其中，cat is useful for producing output in user-defined functions.

** create test submission**
最终的预测值是根据不同的 data folds（根据 cross validation 分成了若干 data folds）适用的不同 model 而生成的预测值的平均值，并写入 .csv 文件。

test_gbm_yhat <- predict(gbm_mdl,newdata = L0FeatureSet1$test$predictors,type = "raw")
gbm_submission <- cbind(Id=L0FeatureSet1$test$id,SalePrice=exp(test_gbm_yhat))  
write.csv(gbm_submission,file="gbm_sumbission.csv",row.names=FALSE)

2.3 xgboost model

xgboost model 的流程、算法和 gbm model 相同，具体解释不再赘述，仅将主要流程和语法列举如下：

set caret training parameters

CARET.TRAIN.PARMS <- list(method="xgbTree")   
CARET.TUNE.GRID <-  expand.grid(nrounds=800, 
                            max_depth=10, 
                            eta=0.03, 
                            gamma=0.1, 
                            colsample_bytree=0.4, 
                            min_child_weight=1)
MODEL.SPECIFIC.PARMS <- list(verbose=0)

** model specific training parameter**

CARET.TRAIN.CTRL <- trainControl(method="none",
                             verboseIter=FALSE,
                             classProbs=FALSE)
CARET.TRAIN.OTHER.PARMS <- list(trControl=CARET.TRAIN.CTRL,
                       tuneGrid=CARET.TUNE.GRID,
                       metric="RMSE")

generate Level 1 features

xgb_set <- llply(data_folds,trainOneFold,L0FeatureSet2)

final model fit

xgb_mdl <- do.call(train, c(list(x=L0FeatureSet2$train$predictors,y=L0FeatureSet2$train$y),
             CARET.TRAIN.PARMS,
             MODEL.SPECIFIC.PARMS,
             CARET.TRAIN.OTHER.PARMS))

CV Error Estimate

cv_y <- do.call(c,lapply(xgb_set,function(x){x$predictions$y}))
cv_yhat <- do.call(c,lapply(xgb_set,function(x){x$predictions$yhat}))
rmse(cv_y,cv_yhat)
cat("Average CV rmse:",mean(do.call(c,lapply(xgb_set,function(x){x$score}))))

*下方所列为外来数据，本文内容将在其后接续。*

(* Let $\gamma(t)$ be the formula in the language of rings $$\gamma(t):\ \exists f\,\exists g\,\Big[\neg\mathrm{C}(f)\wedge g\neq0\wedge f\mid g\wedge\forall h\Big(\big[\mathrm{C}(h)\wedge (f+h)\mid g\big]\to\big[(f+h+1)\mid g\ \vee\ h=t\big]\Big)\Big],$$ where $\mathrm{C}(t)$ abbreviates "$t=0\vee\exists u\,(tu=1)$" and $a\mid b$ abbreviates $\exists c\,(ac=b)$. Then for every field $R$ of characteristic zero and every nonempty set $\mathcal{X}$ of indeterminates, $\gamma$ defines in $S=R[\mathcal{X}]$ the set $\{n\cdot 1_S: n\in\mathbb{N}\}$ (a copy of the natural numbers $\{0,1,2,\dots\}$). Consequently, arithmetic $(\mathbb{Z},+,\times)$ is uniformly interpretable in the class of polynomial rings over fields of characteristic zero.
   Context: An interpretation of a structure in another is uniform over a class of structures if all the defining formulas (domain, equality, and the graphs of the operations) are the same for every member of the class. *)

theory Defs
  imports Main "HOL-Library.Poly_Mapping"
begin

text \<open>The polynomial ring R[X] over a coefficient ring 'a in the indeterminates
  given by the (nonempty) type 'v: finitely supported maps from monomials
  (finitely supported exponent vectors) to coefficients.\<close>
type_synonym ('v, 'a) mpoly = "('v \<Rightarrow>\<^sub>0 nat) \<Rightarrow>\<^sub>0 'a"

definition divs :: "'r::comm_ring_1 \<Rightarrow> 'r \<Rightarrow> bool" where
  "divs a b \<longleftrightarrow> (\<exists>c. a * c = b)"

definition C :: "'r::comm_ring_1 \<Rightarrow> bool" where
  "C t \<longleftrightarrow> t = 0 \<or> (\<exists>u. t * u = 1)"

definition gamma :: "'r::comm_ring_1 \<Rightarrow> bool" where
  "gamma t \<longleftrightarrow> (\<exists>f g. \<not> C f \<and> g \<noteq> 0 \<and> divs f g \<and>
     (\<forall>h. (C h \<and> divs (f + h) g) \<longrightarrow> (divs (f + h + 1) g \<or> h = t)))"

end

theory Submission
  imports Defs
begin

text \<open>
  If \<open>\<gamma>(t)\<close> holds for some \<open>t\<close> that is not a natural number, then induction along the
  defining clause shows that all translates \<open>f + n\<close> of the nonconstant \<open>f\<close> divide
  \<open>g \<noteq> 0\<close>. Any two of them differ by a unit, so their products \<open>(f + 0)\<cdots>(f + N - 1)\<close>
  divide \<open>g\<close> as well, which is impossible for \<open>N\<close> beyond the total degree of \<open>g\<close>.
  Conversely, for \<open>t = n\<close> take \<open>f = x\<close> and \<open>g = x (x + 1) \<cdots> (x + n)\<close> for a variable \<open>x\<close>:
  a linear factor \<open>x + c\<close> divides \<open>g\<close> only if \<open>c \<in> {0, \<dots>, n}\<close>, because otherwise it
  divides the nonzero constant \<open>(0 - c) \<cdots> (n - c)\<close>.
\<close>

abbreviation const_mpoly :: "'a::zero \<Rightarrow> ('v, 'a) mpoly" where
  "const_mpoly c \<equiv> Poly_Mapping.single 0 c"

definition var_mpoly :: "'v \<Rightarrow> ('v, 'a::{zero,one}) mpoly" where
  "var_mpoly v = Poly_Mapping.single (Poly_Mapping.single v 1) 1"

lemma divs_iff_dvd: "divs a b \<longleftrightarrow> a dvd b"
  by (auto simp: divs_def dvd_def)

lemma lookup_mult_max_weight:
  fixes p q :: "'m::comm_monoid_add \<Rightarrow>\<^sub>0 'b::idom"
    and W :: "'m \<Rightarrow> 'o::{ordered_cancel_comm_monoid_add, linorder}"
  assumes W_add: "\<And>x y. W (x + y) = W x + W y"
    and inj_p: "inj_on W (Poly_Mapping.keys p)" and inj_q: "inj_on W (Poly_Mapping.keys q)"
    and a: "a \<in> Poly_Mapping.keys p" "\<And>m. m \<in> Poly_Mapping.keys p \<Longrightarrow> W m \<le> W a"
    and b: "b \<in> Poly_Mapping.keys q" "\<And>m. m \<in> Poly_Mapping.keys q \<Longrightarrow> W m \<le> W b"
  shows "Poly_Mapping.lookup (p * q) (a + b) = Poly_Mapping.lookup p a * Poly_Mapping.lookup q b"
proof -
  have unique: "x = a \<and> y = b"
    if x: "x \<in> Poly_Mapping.keys p" and y: "y \<in> Poly_Mapping.keys q" and xy: "x + y = a + b" for x y
  proof -
    have "W x + W y = W a + W b" using W_add xy by metis
    moreover have "W x \<le> W a" "W y \<le> W b" using a b x y by auto
    ultimately have "W x = W a" "W y = W b"
      by (metis add_less_le_mono add_le_less_mono order.not_eq_order_implies_strict less_irrefl)+
    then show ?thesis using inj_p inj_q x y a(1) b(1) by (auto dest: inj_onD)
  qed
  have "Poly_Mapping.lookup (p * q) (a + b) =
      (\<Sum>(x, y). Poly_Mapping.lookup p x * Poly_Mapping.lookup q y when a + b = x + y)"
    by (simp add: times_poly_mapping.rep_eq prod_fun_unfold_prod)
  also have "\<dots> = (\<Sum>xy. (case xy of (x, y) \<Rightarrow> Poly_Mapping.lookup p x * Poly_Mapping.lookup q y)
      when (a, b) = xy)"
    by (rule Sum_any.cong) (use unique in \<open>fastforce simp: when_def in_keys_iff\<close>)
  also have "\<dots> = Poly_Mapping.lookup p a * Poly_Mapping.lookup q b"
    by simp
  finally show ?thesis .
qed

** create test submission**

test_xgb_yhat <- predict(xgb_mdl,newdata = L0FeatureSet2$test$predictors,type = "raw")
xgb_submission <- cbind(Id=L0FeatureSet2$test$id,SalePrice=exp(test_xgb_yhat))
write.csv(xgb_submission,file="xgb_sumbission.csv",row.names=FALSE)

2.4 ranger model

ranger model 的流程、算法和 xgboost、gbm model 相同，具体解释不再赘述，仅将主要流程和语法列举如下：

set caret training parameters

CARET.TRAIN.PARMS <- list(method="ranger")   
CARET.TUNE.GRID <-  expand.grid(mtry=2*as.integer(sqrt(ncol(L0FeatureSet1$train$predictors))))
MODEL.SPECIFIC.PARMS <- list(verbose=0,num.trees=500)

model specific training parameter

CARET.TRAIN.CTRL <- trainControl(method="none",
                             verboseIter=FALSE,
                             classProbs=FALSE)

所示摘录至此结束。